For ranchers and farmers in North Dakota, the tar sands pipeline safety record speaks for itself. Paul Matthews, a neighbor of Bob Banderet’s in southeastern North Dakota, built a house that now is just a half mile from the Keystone 1 pipeline. TransCanada bulldozed through his property a few years ago to lay the pipeline that he sees out his window every day.

“It’s a constant reminder to have this kind of threat around us," Matthews says. "Every time I draw a glass of water from my sink, I don’t know if it’s still clean. I don’t know if I go to bed at night if a catastrophe could ignite… You just don’t know those things. But with the powers of eminent domain, it was forced upon me.”

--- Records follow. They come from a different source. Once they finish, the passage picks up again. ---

lemma expectation_Pi_pmf_prod_blocks:
  fixes dflt :: "'b::finite" and f :: "('a \<Rightarrow> 'b) \<Rightarrow> real"
    and g :: "'j \<Rightarrow> ('a \<Rightarrow> 'b) \<Rightarrow> real"
  assumes A: "finite A" and J: "finite J"
    and BA: "\<And>j. j \<in> J \<Longrightarrow> B j \<subseteq> A"
    and disj: "\<And>i j. i \<in> J \<Longrightarrow> j \<in> J \<Longrightarrow> i \<noteq> j \<Longrightarrow> B i \<inter> B j = {}"
    and g: "\<And>j. j \<in> J \<Longrightarrow> depends_on (B j) (g j)"
    and C: "C \<subseteq> A" and BC: "\<And>j. j \<in> J \<Longrightarrow> B j \<inter> C = {}"
    and f: "depends_on C f"
  shows "measure_pmf.expectation (Pi_pmf A dflt D) (\<lambda>y. f y * (\<Prod>j\<in>J. g j y))
       = measure_pmf.expectation (Pi_pmf A dflt D) f *
         (\<Prod>j\<in>J. measure_pmf.expectation (Pi_pmf A dflt D) (g j))"
  using J BA disj g C BC f
proof (induction J arbitrary: f C rule: finite_induct)
  case empty
  then show ?case by simp
next
  case (insert k J)
  let ?E = "measure_pmf.expectation (Pi_pmf A dflt D)"
  have "?E (\<lambda>y. f y * (\<Prod>j\<in>insert k J. g j y)) = ?E (\<lambda>y. (f y * g k y) * (\<Prod>j\<in>J. g j y))"
    using insert.hyps by (simp add: mult_ac)
  also have "\<dots> = ?E (\<lambda>y. f y * g k y) * (\<Prod>j\<in>J. ?E (g j))"
  proof (rule insert.IH)
    show "depends_on (C \<union> B k) (\<lambda>y. f y * g k y)"
      using insert.prems by (intro depends_on_mult) auto
    fix j assume j: "j \<in> J"
    have "B j \<inter> B k = {}" using insert.prems(2)[of j k] insert.hyps j by auto
    thus "B j \<inter> (C \<union> B k) = {}" using insert.prems(5)[of j] j by auto
  qed (use insert.prems in auto)
  also have "?E (\<lambda>y. f y * g k y) = ?E f * ?E (g k)"
    using insert.prems by (intro expectation_Pi_pmf_mult[OF A, of C "B k"]) auto
  finally show ?case using insert.hyps by (simp add: mult_ac)
qed

lemma expectation_Pi_pmf_insert_bernoulli:
  fixes f :: "('a \<Rightarrow> bool) \<Rightarrow> real"
  assumes "finite B" "x \<notin> B" "0 \<le> p" "p \<le> 1"
  shows "measure_pmf.expectation (Pi_pmf (insert x B) False (\<lambda>_. bernoulli_pmf p)) f
     = p * measure_pmf.expectation (Pi_pmf B False (\<lambda>_. bernoulli_pmf p)) (\<lambda>y. f (y(x:=True)))
     + (1 - p) * measure_pmf.expectation (Pi_pmf B False (\<lambda>_. bernoulli_pmf p)) (\<lambda>y. f (y(x:=False)))"
  using assms
  by (simp add: Pi_pmf_insert case_prod_unfold expectation_pair_pmf finite_set_pmf_Pi_pmf mult_ac)

section \<open>Counting independent witnesses\<close>

lemma expectation_Pi_pmf_sum_prod_blocks:
  fixes dflt :: "'b::finite" and f :: "('a \<Rightarrow> 'b) \<Rightarrow> real"
    and \<phi> :: "'u \<Rightarrow> 'w \<Rightarrow> ('a \<Rightarrow> 'b) \<Rightarrow> real" and \<psi> :: "'v \<Rightarrow> 'w \<Rightarrow> ('a \<Rightarrow> 'b) \<Rightarrow> real"
  assumes A: "finite A" and R: "finite R"
    and BA: "\<And>w. w \<in> R \<Longrightarrow> B w \<subseteq> A"
    and disj: "\<And>w w'. w \<in> R \<Longrightarrow> w' \<in> R \<Longrightarrow> w \<noteq> w' \<Longrightarrow> B w \<inter> B w' = {}"
    and C: "C \<subseteq> A" and BC: "\<And>w. w \<in> R \<Longrightarrow> B w \<inter> C = {}" and f: "depends_on C f"
    and \<phi>: "\<And>a w. a \<in> U \<Longrightarrow> w \<in> R \<Longrightarrow> depends_on (B w) (\<phi> a w)"
    and \<psi>: "\<And>b w. b \<in> V \<Longrightarrow> w \<in> R \<Longrightarrow> depends_on (B w) (\<psi> b w)"
  shows "measure_pmf.expectation (Pi_pmf A dflt D)
           (\<lambda>y. f y * (\<Sum>a\<in>U. \<Prod>w\<in>R. \<phi> a w y) * (\<Sum>b\<in>V. \<Prod>w\<in>R. \<psi> b w y))
      = measure_pmf.expectation (Pi_pmf A dflt D) f *
        (\<Sum>a\<in>U. \<Sum>b\<in>V. \<Prod>w\<in>R. measure_pmf.expectation (Pi_pmf A dflt D) (\<lambda>y. \<phi> a w y * \<psi> b w y))"
proof -
  let ?E = "measure_pmf.expectation (Pi_pmf A dflt D)"
  have "(\<lambda>y. f y * (\<Sum>a\<in>U. \<Prod>w\<in>R. \<phi> a w y) * (\<Sum>b\<in>V. \<Prod>w\<in>R. \<psi> b w y))
     = (\<lambda>y. \<Sum>a\<in>U. \<Sum>b\<in>V. f y * (\<Prod>w\<in>R. \<phi> a w y * \<psi> b w y))"
    by (simp add: sum_distrib_left sum_distrib_right prod.distrib mult_ac)
  hence "?E (\<lambda>y. f y * (\<Sum>a\<in>U. \<Prod>w\<in>R. \<phi> a w y) * (\<Sum>b\<in>V. \<Prod>w\<in>R. \<psi> b w y))
      = (\<Sum>a\<in>U. \<Sum>b\<in>V. ?E (\<lambda>y. f y * (\<Prod>w\<in>R. \<phi> a w y * \<psi> b w y)))"
    using A by (simp add: Bochner_Integration.integral_sum integrable_Pi_pmf_finite)
  also have "\<dots> = (\<Sum>a\<in>U. \<Sum>b\<in>V. ?E f * (\<Prod>w\<in>R. ?E (\<lambda>y. \<phi> a w y * \<psi> b w y)))"
  proof (intro sum.cong refl expectation_Pi_pmf_prod_blocks[OF A R BA disj _ C BC f])
    fix a b w assume "a \<in> U" "b \<in> V" "w \<in> R"
    thus "depends_on (B w) (\<lambda>y. \<phi> a w y * \<psi> b w y)"
      using depends_on_mult[OF \<phi>[of a w] \<psi>[of b w]] by simp
  qed
  finally show ?thesis by (simp only: sum_distrib_left)
qed

lemma prod_of_bool: "finite R \<Longrightarrow> (\<Prod>w\<in>R. of_bool (P w) :: real) = of_bool (\<forall>w\<in>R. P w)"
  by (induction R rule: finite_induct) auto

lemma finite_card_subsets: "finite R \<Longrightarrow> finite {S. S \<subseteq> R \<and> card S = k}"
  by (rule finite_subset[of _ "Pow R"]) auto

lemma of_bool_card_eq_sum_prod:
  assumes R: "finite R"
  shows "(of_bool (card {w\<in>R. P w} = k) :: real)
       = (\<Sum>S | S \<subseteq> R \<and> card S = k. \<Prod>w\<in>R. of_bool (P w \<longleftrightarrow> w \<in> S))"
proof -
  have "(\<Sum>S | S \<subseteq> R \<and> card S = k. \<Prod>w\<in>R. (of_bool (P w \<longleftrightarrow> w \<in> S) :: real))
      = (\<Sum>S | S \<subseteq> R \<and> card S = k. if S = {w\<in>R. P w} then 1 else 0)"
    using R by (intro sum.cong refl) (auto simp: prod_of_bool)
  also have "\<dots> = of_bool (card {w\<in>R. P w} = k)"
    using finite_card_subsets[OF R] by (simp add: sum.delta')
  finally show ?thesis ..
qed

text \<open>If the pairs \<open>(\<alpha> w, \<beta> w)\<close>, \<open>w \<in> R\<close>, are independent with joint law \<open>s\<close>, this is the
  probability that exactly \<open>i\<close> of the \<open>\<alpha> w\<close> and exactly \<open>j\<close> of the \<open>\<beta> w\<close> hold.\<close>
definition joint_count_prob :: "'w set \<Rightarrow> nat \<Rightarrow> nat \<Rightarrow> (bool \<Rightarrow> bool \<Rightarrow> real) \<Rightarrow> real" where
  "joint_count_prob R i j s =
     (\<Sum>S | S \<subseteq> R \<and> card S = i. \<Sum>T | T \<subseteq> R \<and> card T = j. \<Prod>w\<in>R. s (w \<in> S) (w \<in> T))"

lemma expectation_Pi_pmf_mult_counts:
  fixes dflt :: "'b::finite" and f :: "('a \<Rightarrow> 'b) \<Rightarrow> real"
    and \<alpha> \<beta> :: "'w \<Rightarrow> ('a \<Rightarrow> 'b) \<Rightarrow> bool"
  assumes A: "finite A" and R: "finite R"
    and BA: "\<And>w. w \<in> R \<Longrightarrow> B w \<subseteq> A"
    and disj: "\<And>w w'. w \<in> R \<Longrightarrow> w' \<in> R \<Longrightarrow> w \<noteq> w' \<Longrightarrow> B w \<inter> B w' = {}"
    and C: "C \<subseteq> A" and BC: "\<And>w. w \<in> R \<Longrightarrow> B w \<inter> C = {}" and f: "depends_on C f"
    and \<alpha>: "\<And>w. w \<in> R \<Longrightarrow> depends_on (B w) (\<alpha> w)"
    and \<beta>: "\<And>w. w \<in> R \<Longrightarrow> depends_on (B w) (\<beta> w)"
    and s: "\<And>w a b. w \<in> R \<Longrightarrow> measure_pmf.expectation (Pi_pmf A dflt D)
              (\<lambda>y. of_bool ((\<alpha> w y \<longleftrightarrow> a) \<and> (\<beta> w y \<longleftrightarrow> b))) = s a b"
  shows "measure_pmf.expectation (Pi_pmf A dflt D)
           (\<lambda>y. f y * of_bool (card {w\<in>R. \<alpha> w y} = i) * of_bool (card {w\<in>R. \<beta> w y} = j))
       = measure_pmf.expectation (Pi_pmf A dflt D) f * joint_count_prob R i j s"
proof -
  let ?E = "measure_pmf.expectation (Pi_pmf A dflt D)"
  have "?E (\<lambda>y. f y * of_bool (card {w\<in>R. \<alpha> w y} = i) * of_bool (card {w\<in>R. \<beta> w y} = j))
      = ?E f * (\<Sum>S | S \<subseteq> R \<and> card S = i. \<Sum>T | T \<subseteq> R \<and> card T = j. \<Prod>w\<in>R.
           ?E (\<lambda>y. of_bool (\<alpha> w y \<longleftrightarrow> w \<in> S) * of_bool (\<beta> w y \<longleftrightarrow> w \<in> T)))"
    unfolding of_bool_card_eq_sum_prod[OF R]
  proof (rule expectation_Pi_pmf_sum_prod_blocks[OF A R BA disj C BC f])
    fix S T w assume w: "w \<in> R"
    show "depends_on (B w) (\<lambda>y. of_bool (\<alpha> w y \<longleftrightarrow> w \<in> S))"
      using depends_on_comp[OF \<alpha>[OF w], of "\<lambda>t. of_bool (t \<longleftrightarrow> w \<in> S)"] .
    show "depends_on (B w) (\<lambda>y. of_bool (\<beta> w y \<longleftrightarrow> w \<in> T))"
      using depends_on_comp[OF \<beta>[OF w], of "\<lambda>t. of_bool (t \<longleftrightarrow> w \<in> T)"] .
  qed
  also have "\<dots> = ?E f * joint_count_prob R i j s"
  proof -
    have "?E (\<lambda>y. of_bool (\<alpha> w y \<longleftrightarrow> w \<in> S) * of_bool (\<beta> w y \<longleftrightarrow> w \<in> T))
        = s (w \<in> S) (w \<in> T)" if "w \<in> R" for w S T
      using s[OF that, of "w \<in> S" "w \<in> T"] by (simp add: of_bool_conj)
    thus ?thesis unfolding joint_count_prob_def by simp
  qed
  finally show ?thesis .
qed

lemma prod_eq_one_point:
  assumes "finite R" "w1 \<in> R" "\<And>w. w \<in> R \<Longrightarrow> w \<noteq> w1 \<Longrightarrow> h w = b"
  shows "(\<Prod>w\<in>R. h w) = h w1 * (b::real) ^ (card R - 1)"
proof -
  have "(\<Prod>w\<in>R. h w) = h w1 * (\<Prod>w\<in>R - {w1}. h w)"
    using assms by (simp add: prod.remove)
  also have "(\<Prod>w\<in>R - {w1}. h w) = (\<Prod>w\<in>R - {w1}. b)"
    using assms(3) by (intro prod.cong) auto
  finally show ?thesis using assms(1,2) by simp
qed

lemma prod_eq_two_points:
  assumes "finite R" "w1 \<in> R" "w2 \<in> R" "w1 \<noteq> w2" "\<And>w. w \<in> R \<Longrightarrow> w \<noteq> w1 \<Longrightarrow> w \<noteq> w2 \<Longrightarrow> h w = b"
  shows "(\<Prod>w\<in>R. h w) = h w1 * h w2 * (b::real) ^ (card R - 2)"
proof -
  have "(\<Prod>w\<in>R. h w) = h w1 * (\<Prod>w\<in>R - {w1}. h w)"
    using assms by (simp add: prod.remove)
  also have "(\<Prod>w\<in>R - {w1}. h w) = h w2 * b ^ (card (R - {w1}) - 1)"
    using assms by (intro prod_eq_one_point) auto
  finally show ?thesis using assms(1,2) by (simp add: numeral_2_eq_2 diff_diff_add)
qed

lemma sum_card_0_subsets: "finite R \<Longrightarrow> (\<Sum>S | S \<subseteq> R \<and> card S = 0. g S) = g {}"
proof -
  assume "finite R"
  hence "{S. S \<subseteq> R \<and> card S = 0} = {{}}" using finite_subset by (fastforce simp: card_eq_0_iff)
  thus ?thesis by simp
qed

lemma sum_card_1_subsets: "(\<Sum>S | S \<subseteq> R \<and> card S = 1. g S) = (\<Sum>w\<in>R. g {w})"
proof -
  have "{S. S \<subseteq> R \<and> card S = 1} = (\<lambda>w. {w}) ` R" by (auto simp: card_1_singleton_iff)
  thus ?thesis by (simp add: sum.reindex)
qed

lemma joint_count_prob_0_0: "finite R \<Longrightarrow> joint_count_prob R 0 0 s = s False False ^ card R"
  by (simp add: joint_count_prob_def sum_card_0_subsets)

lemma joint_count_prob_1_0:
  assumes "finite R"
  shows "joint_count_prob R 1 0 s = real (card R) * s True False * s False False ^ (card R - 1)"
proof -
  have "(\<Prod>w\<in>R. s (w = w1) False) = s True False * s False False ^ (card R - 1)" if "w1 \<in> R" for w1
    using prod_eq_one_point[OF assms that, of "\<lambda>w. s (w = w1) False"] by simp
  thus ?thesis
    unfolding joint_count_prob_def sum_card_0_subsets[OF assms] sum_card_1_subsets by simp
qed

lemma joint_count_prob_0_1:
  assumes "finite R"
  shows "joint_count_prob R 0 1 s = real (card R) * s False True * s False False ^ (card R - 1)"
proof -
  have "(\<Prod>w\<in>R. s False (w = w1)) = s False True * s False False ^ (card R - 1)" if "w1 \<in> R" for w1
    using prod_eq_one_point[OF assms that, of "\<lambda>w. s False (w = w1)"] by simp
  thus ?thesis
    unfolding joint_count_prob_def sum_card_0_subsets[OF assms] sum_card_1_subsets by simp
qed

Paul Matthews and the Keystone pipeline near his home. Photo: Rocky Kistner/NRDC

Matthews and Banderet say they have tried to get more information from local and federal officials about the pumping station accident, as well as information about ongoing pipeline monitoring programs. Instead they say they have been stonewalled. “I’ve never heard from any of the federal agencies investigating these leaks,” Banderet says. “It seems they don’t want to hear the other side... It seems like they want to keep it out of sight and out of mind until everyone forgets... I feel like a lost voice in the wilderness.”

Voices of landowners like Banderet and Matthews need to be listened to in Washington, where politicians are besieged by deep-pocketed Big Oil lobbyists. But out on the front lines, farmers and ranchers know the real hazards associated with tar sands pipelines. And they aren’t about to be steamrolled until their voices are heard.